James Osborne, MBA, CFP

James Osborne, MBA, CFP

[Editor’s Note: This is a guest post from James D. Osborne, MBA, CFP®, of Bason Asset Management, a low-cost, fee-only ($4500 per year for financial planning and asset management) advisor in Colorado and one of my advertisers. This post is full of common-sense advice for a new attending.]

So you’ve spent the last decade or so getting educated, specializing, doing a residency and now you’re out, as an attending or in private practice. You’re getting a real paycheck – now what do you do? Your first five steps:

1) Do nothing.  

No new house, no new car, no big lifestyle changes.  Just wait a bit.  Yes, you  have a nice new paycheck but you also have nice big student loan payments and you are not used to how much money is in that paycheck.  Before you make big lifestyle changes, take six months to get used to your new income.  If you want to get ahead financially, the first step is not parting with every dollar that comes in.  So maintain your resident-like lifestyle for a while and start tackling the rest of this list.

2) Build savings.  

Let’s face it, your balance sheet is ugly right now.  Lots of debt, not a lot of cash, probably even less invested for retirement. If you don’t have one already, you need to have a cushion in a savings account. There are endless rules-of-thumb about this (3 months livings expenses, 6 months, etc) but let’s pick a target: $25,000. You’re gainfully employed now in what should be a stable position, so unemployment is not the risk most of you face. But cars break down, refrigerators and furnaces quit, unexpected trips to see family and attend weddings and go to graduations will come up.  Start right now putting money away into savings – real money.  At least $500 a month.

3) Get disability insurance.

You have now invested hundreds of thousands of dollars in your future earning potential and you need to protect it.  Get competitive quotes from multiple carriers and make sure you understand the differences between policies. PLEASE work with an independent agent who can show you multiple quotes and specializes in disability insurance.  If you don’t know anything about disability insurance, The White Coat Investor has already done an excellent job giving you a primer – go read it here.  Most surgeons and specialists will want an “Own Occupation” rider that specifically covers your ability to practice in your specialty. You also want a Non-Cancelable/ Guaranteed Renewable policy.  Again, discussed by WCI here, but the short end is you do not want to give the insurance company any opportunity to raise premiums, reduce benefits or cancel your policy once it is in place.

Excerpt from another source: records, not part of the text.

(* For any signature $\Sigma$ and any reduced $\Sigma$-forests $f_1,f_2$, one has $r_{A_l(\Sigma)}(E_{f_1})=r_{A_l(\Sigma)}(E_{f_2})$ if and only if $\mathrm{tr}(f_1)=\mathrm{tr}(f_2)$.
   Context: $[P]$ is $1$ if $P$ holds, $0$ otherwise. A signature is a set $\Sigma$ with arity map $|\cdot|:\Sigma\to\mathbb N$. A $\Sigma$-term is the leaf $\bot$ or $s(t_1,\dots,t_n)$ with $s$ of arity $n$, $t_i$ terms; degree = number of internal nodes. A $\Sigma$-forest is a finite word of terms; reduced if no term is $\bot$; $E_f$ denotes the basis element of $\mathbf N(T(\Sigma))$ indexed by a reduced forest $f$. Internal nodes of $f$ are numbered $1,\dots,\deg f$ by left-to-right preorder; $d_f(i)$ is the decoration of $i$. A $\Sigma$-trimmed forest is a word of nonempty planar rooted trees with nodes decorated by elements $s\in\Sigma$ having at most $|s|$ children; $\mathrm{tr}(f)$ is obtained from a forest $f$ by deleting all leaves. $A_l(\Sigma)=\{a^s_\ell:s\in\Sigma,\ell\in\mathbb N\}$; a word $a^{s_1}_{\ell_1}\cdots a^{s_n}_{\ell_n}$ is $A_l(\Sigma)$-compatible with $f$ if $n=\deg f$, $s_i=d_f(i)$ for all $i$, and $\ell_i<\ell_{i'}$ whenever $i'$ is a child of $i$ in $f$. $r_{A_l(\Sigma)}(E_f)$ is the (possibly infinite) formal sum of all words $A_l(\Sigma)$-compatible with $f$, in the space $\mathbb K\langle A_l(\Sigma)\rangle$ of noncommutative polynomials with bounded degree. *)

theory Defs
  imports Main
begin

text \<open>A signature is a type 's of symbols together with an arity map ar :: 's => nat.
  Sigma-terms: the leaf Bot, or a node decorated by a symbol with a list of subterms.\<close>
datatype 's sterm = Bot | Node 's "'s sterm list"

fun wf_term :: "('s \<Rightarrow> nat) \<Rightarrow> 's sterm \<Rightarrow> bool" where
  "wf_term ar Bot = True"
| "wf_term ar (Node s ts) = (length ts = ar s \<and> (\<forall>t\<in>set ts. wf_term ar t))"

definition sigma_forest :: "('s \<Rightarrow> nat) \<Rightarrow> 's sterm list \<Rightarrow> bool" where
  "sigma_forest ar f = (\<forall>t\<in>set f. wf_term ar t)"

definition reduced :: "'s sterm list \<Rightarrow> bool" where
  "reduced f = (\<forall>t\<in>set f. t \<noteq> Bot)"

text \<open>Internal nodes of a forest in left-to-right preorder (numbered 0,1,... here),
  each recorded as (decoration, index of its parent if any).\<close>
fun pre_nodes :: "nat option \<Rightarrow> nat \<Rightarrow> 's sterm list \<Rightarrow> ('s \<times> nat option) list" where
  "pre_nodes p n [] = []"
| "pre_nodes p n (Bot # ts) = pre_nodes p n ts"
| "pre_nodes p n (Node s us # ts) =
     (let L = pre_nodes (Some n) (Suc n) us
      in (s, p) # L @ pre_nodes p (Suc n + length L) ts)"

definition nodes :: "'s sterm list \<Rightarrow> ('s \<times> nat option) list" where
  "nodes f = pre_nodes None 0 f"

definition deg :: "'s sterm list \<Rightarrow> nat" where
  "deg f = length (nodes f)"

definition dec :: "'s sterm list \<Rightarrow> nat \<Rightarrow> 's" where
  "dec f i = fst (nodes f ! i)"

definition is_child :: "'s sterm list \<Rightarrow> nat \<Rightarrow> nat \<Rightarrow> bool" where
  "is_child f i' i = (i' < deg f \<and> snd (nodes f ! i') = Some i)"

text \<open>Letters a^s_l of A_l(Sigma) are pairs (s, l); words are lists of letters.\<close>
type_synonym 's letter = "'s \<times> nat"

definition Al_compatible :: "'s letter list \<Rightarrow> 's sterm list \<Rightarrow> bool" where
  "Al_compatible w f =
     (length w = deg f \<and> (\<forall>i<deg f. fst (w ! i) = dec f i) \<and>
      (\<forall>i i'. i < deg f \<longrightarrow> i' < deg f \<longrightarrow> is_child f i' i \<longrightarrow> snd (w ! i) < snd (w ! i')))"

text \<open>r_{A_l(Sigma)}(E_f): the formal sum of all compatible words, represented as its
  coefficient function on words (a noncommutative series over the field 'k).\<close>
definition r_Al :: "'s sterm list \<Rightarrow> ('s letter list \<Rightarrow> 'k::field)" where
  "r_Al f = (\<lambda>w. if Al_compatible w f then 1 else 0)"

text \<open>Trimmed forests: planar rooted trees with decorated nodes; tr deletes all leaves.\<close>
datatype 's ttree = TNode 's "'s ttree list"

fun tr_term :: "'s sterm \<Rightarrow> 's ttree list" where
  "tr_term Bot = []"
| "tr_term (Node s ts) = [TNode s (concat (map tr_term ts))]"

definition tr :: "'s sterm list \<Rightarrow> 's ttree list" where
  "tr f = concat (map tr_term f)"

end

theory Submission
  imports Defs
begin

text \<open>The preorder node list of a forest, with each node recorded as (decoration, parent),
  only depends on its trimmed forest and in turn determines it, because in preorder
  the subtree of a node is the maximal block after it whose parents lie inside the block.
  So it suffices to show that such a parent list N is determined by its compatible words.
  The word with labels 0, 1, ... recovers the length and decorations. For the parents,
  lifting the labels of a node i and of all its descendants in N by length N gives a
  compatible word; if it is also compatible with N', then every child of i in N' is a
  descendant of i in N, whose parent in N is therefore at least i (parents precede
  children). Applied in both directions this forces equal parents.\<close>

fun pre_tnodes :: "nat option \<Rightarrow> nat \<Rightarrow> 's ttree list \<Rightarrow> ('s \<times> nat option) list" where
  "pre_tnodes p n [] = []"
| "pre_tnodes p n (TNode s us # ts) =
     (let L = pre_tnodes (Some n) (Suc n) us
      in (s, p) # L @ pre_tnodes p (Suc n + length L) ts)"

lemma tr_Nil [simp]: "tr [] = []"
  by (simp add: tr_def)

lemma tr_Bot [simp]: "tr (Bot # ts) = tr ts"
  by (simp add: tr_def)

lemma tr_Node [simp]: "tr (Node s us # ts) = TNode s (tr us) # tr ts"
  by (simp add: tr_def)

lemma pre_nodes_eq_pre_tnodes_tr: "pre_nodes p n f = pre_tnodes p n (tr f)"
  by (induction p n f rule: pre_nodes.induct) (auto simp: Let_def)

lemma pre_tnodes_parent:
  assumes "k < length (pre_tnodes p n xs)"
  shows "snd (pre_tnodes p n xs ! k) = p \<or>
    (\<exists>a. snd (pre_tnodes p n xs ! k) = Some a \<and> n \<le> a \<and> a < n + k)"
  using assms
proof (induction p n xs arbitrary: k rule: pre_tnodes.induct)
  case (1 p n)
  then show ?case by simp
next
  case (2 p n s us ts)
  define A where "A = pre_tnodes (Some n) (Suc n) us"
  define B where "B = pre_tnodes p (Suc n + length A) ts"
  have unfold: "pre_tnodes p n (TNode s us # ts) = (s, p) # A @ B"
    by (simp add: A_def B_def Let_def)
  show ?case
  proof (cases k)
    case 0
    then show ?thesis unfolding unfold by simp
  next
    case (Suc j)
    show ?thesis
    proof (cases "j < length A")
      case True
      then show ?thesis
        using "2.IH"(1)[of j] Suc unfolding unfold by (auto simp: A_def nth_append)
    next
      case False
      then have "j - length A < length B"
        using "2.prems" Suc unfolding unfold by simp
      then show ?thesis
        using "2.IH"(2)[of A "j - length A"] Suc False unfolding unfold
        by (auto simp: A_def B_def nth_append)
    qed
  qed
qed

lemma pre_tnodes_eq_Nil_iff [simp]: "pre_tnodes p n xs = [] \<longleftrightarrow> xs = []"
  by (cases "(p, n, xs)" rule: pre_tnodes.cases) (auto simp: Let_def)

lemma hd_pre_tnodes_parent: "xs \<noteq> [] \<Longrightarrow> snd (hd (pre_tnodes p n xs)) = p"
  by (cases "(p, n, xs)" rule: pre_tnodes.cases) (auto simp: Let_def)

lemma takeWhile_pre_tnodes_block:
  assumes "\<forall>e\<in>set A. snd e \<noteq> p"
  shows "takeWhile (\<lambda>e. snd e \<noteq> p) (A @ pre_tnodes p m xs) = A"
  using assms hd_pre_tnodes_parent[of xs p m]
  by (auto simp: takeWhile_append2 takeWhile_eq_Nil_iff)

lemma pre_tnodes_inj:
  assumes "p = None \<or> (\<exists>k. p = Some k \<and> k < n)"
    and "pre_tnodes p n xs = pre_tnodes p n ys"
  shows "xs = ys"
  using assms
proof (induction p n xs arbitrary: ys rule: pre_tnodes.induct)
  case (1 p n)
  then show ?case by (metis pre_tnodes_eq_Nil_iff)
next
  case (2 p n s us ts)
  obtain s' us' ts' where ys: "ys = TNode s' us' # ts'"
    using "2.prems"(2) by (cases ys) (auto simp: Let_def intro: ttree.exhaust)
  define A where "A = pre_tnodes (Some n) (Suc n) us"
  define A' where "A' = pre_tnodes (Some n) (Suc n) us'"
  have block_parents: "\<forall>e\<in>set (pre_tnodes (Some n) (Suc n) zs). snd e \<noteq> p" for zs
    using pre_tnodes_parent[of _ "Some n" "Suc n" zs] "2.prems"(1)
    by (fastforce simp: in_set_conv_nth)
  have eq: "s = s'"
    "A @ pre_tnodes p (Suc n + length A) ts = A' @ pre_tnodes p (Suc n + length A') ts'"
    using "2.prems"(2) by (simp_all add: ys A_def A'_def Let_def)
  have "A = takeWhile (\<lambda>e. snd e \<noteq> p) (A @ pre_tnodes p (Suc n + length A) ts)"
    by (rule takeWhile_pre_tnodes_block[symmetric]) (simp add: A_def block_parents)
  also have "\<dots> = takeWhile (\<lambda>e. snd e \<noteq> p) (A' @ pre_tnodes p (Suc n + length A') ts')"
    by (simp only: eq(2))
  also have "\<dots> = A'"
    by (rule takeWhile_pre_tnodes_block) (simp add: A'_def block_parents)
  finally have "A = A'" .
  then have "us = us'" "ts = ts'"
    using "2.IH"(1)[of us'] "2.IH"(2)[of A ts'] "2.prems"(1) eq(2)
    by (auto simp: A_def A'_def)
  then show ?case
    using ys eq(1) by simp
qed

lemma nodes_eq_iff_tr_eq: "nodes f1 = nodes f2 \<longleftrightarrow> tr f1 = tr f2"
  using pre_tnodes_inj[of None 0] by (auto simp: nodes_def pre_nodes_eq_pre_tnodes_tr)

definition compatible :: "('s \<times> nat option) list \<Rightarrow> 's letter list \<Rightarrow> bool" where
  "compatible N w \<longleftrightarrow> length w = length N \<and> (\<forall>i<length N. fst (w ! i) = fst (N ! i)) \<and>
     (\<forall>i i'. i < length N \<longrightarrow> i' < length N \<longrightarrow> snd (N ! i') = Some i \<longrightarrow>
        snd (w ! i) < snd (w ! i'))"

lemma Al_compatible_iff_compatible: "Al_compatible w f \<longleftrightarrow> compatible (nodes f) w"
  unfolding Al_compatible_def compatible_def deg_def dec_def is_child_def by auto

lemma r_Al_eq_iff_compatible_eq:
  "(r_Al f1 :: 's letter list \<Rightarrow> 'k::field) = r_Al f2 \<longleftrightarrow>
     (\<forall>w. compatible (nodes f1) w \<longleftrightarrow> compatible (nodes f2) w)"
  unfolding r_Al_def Al_compatible_iff_compatible fun_eq_iff by auto

definition parents_precede :: "('s \<times> nat option) list \<Rightarrow> bool" where
  "parents_precede N \<longleftrightarrow> (\<forall>k<length N. \<forall>a. snd (N ! k) = Some a \<longrightarrow> a < k)"

lemma parents_precede_nodes: "parents_precede (nodes f)"
  using pre_tnodes_parent[of _ None 0]
  by (fastforce simp: parents_precede_def nodes_def pre_nodes_eq_pre_tnodes_tr)

inductive ancestor :: "('s \<times> nat option) list \<Rightarrow> nat \<Rightarrow> nat \<Rightarrow> bool" for N where
  parent: "b < length N \<Longrightarrow> snd (N ! b) = Some a \<Longrightarrow> ancestor N a b"
| step: "b < length N \<Longrightarrow> snd (N ! b) = Some c \<Longrightarrow> ancestor N a c \<Longrightarrow> ancestor N a b"

lemma ancestor_imp_parent_ge:
  "ancestor N a b \<Longrightarrow> parents_precede N \<Longrightarrow> a < b \<and> (\<exists>c. snd (N ! b) = Some c \<and> a \<le> c)"
  by (induction rule: ancestor.induct) (fastforce simp: parents_precede_def)+

definition subtree_lifted_word :: "('s \<times> nat option) list \<Rightarrow> nat \<Rightarrow> 's letter list" where
  "subtree_lifted_word N i =
     map (\<lambda>k. (fst (N ! k), k + (if k = i \<or> ancestor N i k then length N else 0))) [0..<length N]"

lemma compatible_index_word:
  "parents_precede N \<Longrightarrow> compatible N (map (\<lambda>k. (fst (N ! k), k)) [0..<length N])"
  unfolding compatible_def parents_precede_def by auto

lemma length_subtree_lifted_word [simp]: "length (subtree_lifted_word N i) = length N"
  by (simp add: subtree_lifted_word_def)

lemma nth_subtree_lifted_word [simp]:
  "k < length N \<Longrightarrow> subtree_lifted_word N i ! k =
     (fst (N ! k), k + (if k = i \<or> ancestor N i k then length N else 0))"
  by (simp add: subtree_lifted_word_def)

lemma compatible_subtree_lifted_word:
  assumes "parents_precede N"
  shows "compatible N (subtree_lifted_word N i)"
  unfolding compatible_def
proof (intro conjI allI impI)
  fix a b
  assume b: "b < length N" and parent: "snd (N ! b) = Some a" and "a < length N"
  moreover have "a < b"
    using assms b parent by (auto simp: parents_precede_def)
  moreover have "a = i \<or> ancestor N i a \<Longrightarrow> ancestor N i b"
    using b parent by (auto intro: ancestor.intros)
  ultimately show "snd (subtree_lifted_word N i ! a) < snd (subtree_lifted_word N i ! b)"
    by auto
qed auto

lemma same_compatible_parent_ge:
  assumes "parents_precede N1" "parents_precede N2"
    and same: "\<And>w. compatible N1 w \<longleftrightarrow> compatible N2 w"
    and "length N1 = length N2" "j < length N1" "snd (N1 ! j) = Some i"
  shows "\<exists>c. snd (N2 ! j) = Some c \<and> i \<le> c"
proof -
  have "i < j"
    using assms(1,5,6) by (auto simp: parents_precede_def)
  have "compatible N1 (subtree_lifted_word N2 i)"
    using same compatible_subtree_lifted_word[OF assms(2)] by blast
  then have "snd (subtree_lifted_word N2 i ! i) < snd (subtree_lifted_word N2 i ! j)"
    using \<open>i < j\<close> assms(5,6) unfolding compatible_def by (meson order.strict_trans)
  then have "ancestor N2 i j"
    using \<open>i < j\<close> assms(4,5) by (auto split: if_splits)
  then show ?thesis
    using ancestor_imp_parent_ge assms(2) by blast
qed

lemma compatible_inj:
  assumes N1: "parents_precede N1" and N2: "parents_precede N2"
    and same: "\<And>w. compatible N1 w \<longleftrightarrow> compatible N2 w"
  shows "N1 = N2"
proof (rule nth_equalityI)
  have index_word: "compatible N2 (map (\<lambda>k. (fst (N1 ! k), k)) [0..<length N1])"
    using same compatible_index_word[OF N1] by blast
  then show len: "length N1 = length N2"
    by (simp add: compatible_def)
  fix k
  assume k: "k < length N1"
  have "fst (N1 ! k) = fst (N2 ! k)"
    using index_word k len by (auto simp: compatible_def)
  moreover have "snd (N1 ! k) = snd (N2 ! k)"
    using same_compatible_parent_ge[OF N1 N2 same len k]
      same_compatible_parent_ge[OF N2 N1 same[symmetric] len[symmetric]] k len
    by (cases "snd (N1 ! k)"; cases "snd (N2 ! k)") (fastforce+)
  ultimately show "N1 ! k = N2 ! k"
    by (simp add: prod_eq_iff)
qed

theorem lemma5p3:
  fixes ar :: "'s \<Rightarrow> nat" and f1 f2 :: "'s sterm list"
  assumes "sigma_forest ar f1" and "sigma_forest ar f2"
    and "reduced f1" and "reduced f2"
  shows "((r_Al f1 :: 's letter list \<Rightarrow> 'k::field) = r_Al f2) \<longleftrightarrow> tr f1 = tr f2"
proof -
  have "(r_Al f1 :: 's letter list \<Rightarrow> 'k) = r_Al f2 \<longleftrightarrow> nodes f1 = nodes f2"
    using compatible_inj[OF parents_precede_nodes parents_precede_nodes]
    by (auto simp: r_Al_eq_iff_compatible_eq)
  then show ?thesis
    by (simp add: nodes_eq_iff_tr_eq)
qed

end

4) Make a plan of attack for your student loans

Getting to where you are now wasn’t free and the interest tab on your student loans is running up.  Stafford loan rates are now at 6.8%, not cheap by today’s standards. Private loans can be higher. There are varying schools of thought on debt repayment – the snowball method (attack the smallest balance first) or the highest-rate-first strategy.  The snowball method is very emotionally satisfying – actually seeing a debt close and go away.  A highest-rate-first strategy will result in less interest paid over time.  Whichever you choose, you need a plan of attack.  A 6.8% guaranteed return is tough to beat and many doctors would do themselves well in making debt repayment a top priority. [Especially with the recent threats to the Public Service Loan Forgiveness program-ed]

David Denniston Ad 15) Start saving for retirement now

Whether you are an employee, an independent contractor, self-employed or a partner in a private practice, research your retirement account options. Employees may have access to a workplace retirement plan such as a 401(k) or a SIMPLE-IRA [SIMPLEs are generally used by employers that hate you and don’t want you to ever retire-ed]. Self-employed individuals or business owners may have these and other options (including an individual 401(k), a SEP-IRA or plain old IRA) to evaluate. While this need must be balanced with repaying student loans, the power of compounding is on your side while you are young.  Even if you are aggressively paying down debt, consider putting away 5-10% of your pre-tax income into an available retirement plan (and of course only invest in index funds).

Above all else, understand this: the single largest determining factor for your future financial success is the relationship between your income and your lifestyle. I have worked with plenty of clients and seen school teachers who retired comfortable at 60 because they lived within their means and seen business owners bringing home $200,000 and unable to retire because their spending habits grew in lockstep with their incomes for decades.  Everything else is important: insurance, getting out of debt, investment policy, investment costs and taxes, but these things combined pale in comparison to the simple truth that you must spend less than you bring in if you ever want to reach financial independence. If you start this habit early, it is easy to continue.  If you get behind, it can be incredibly difficult to change.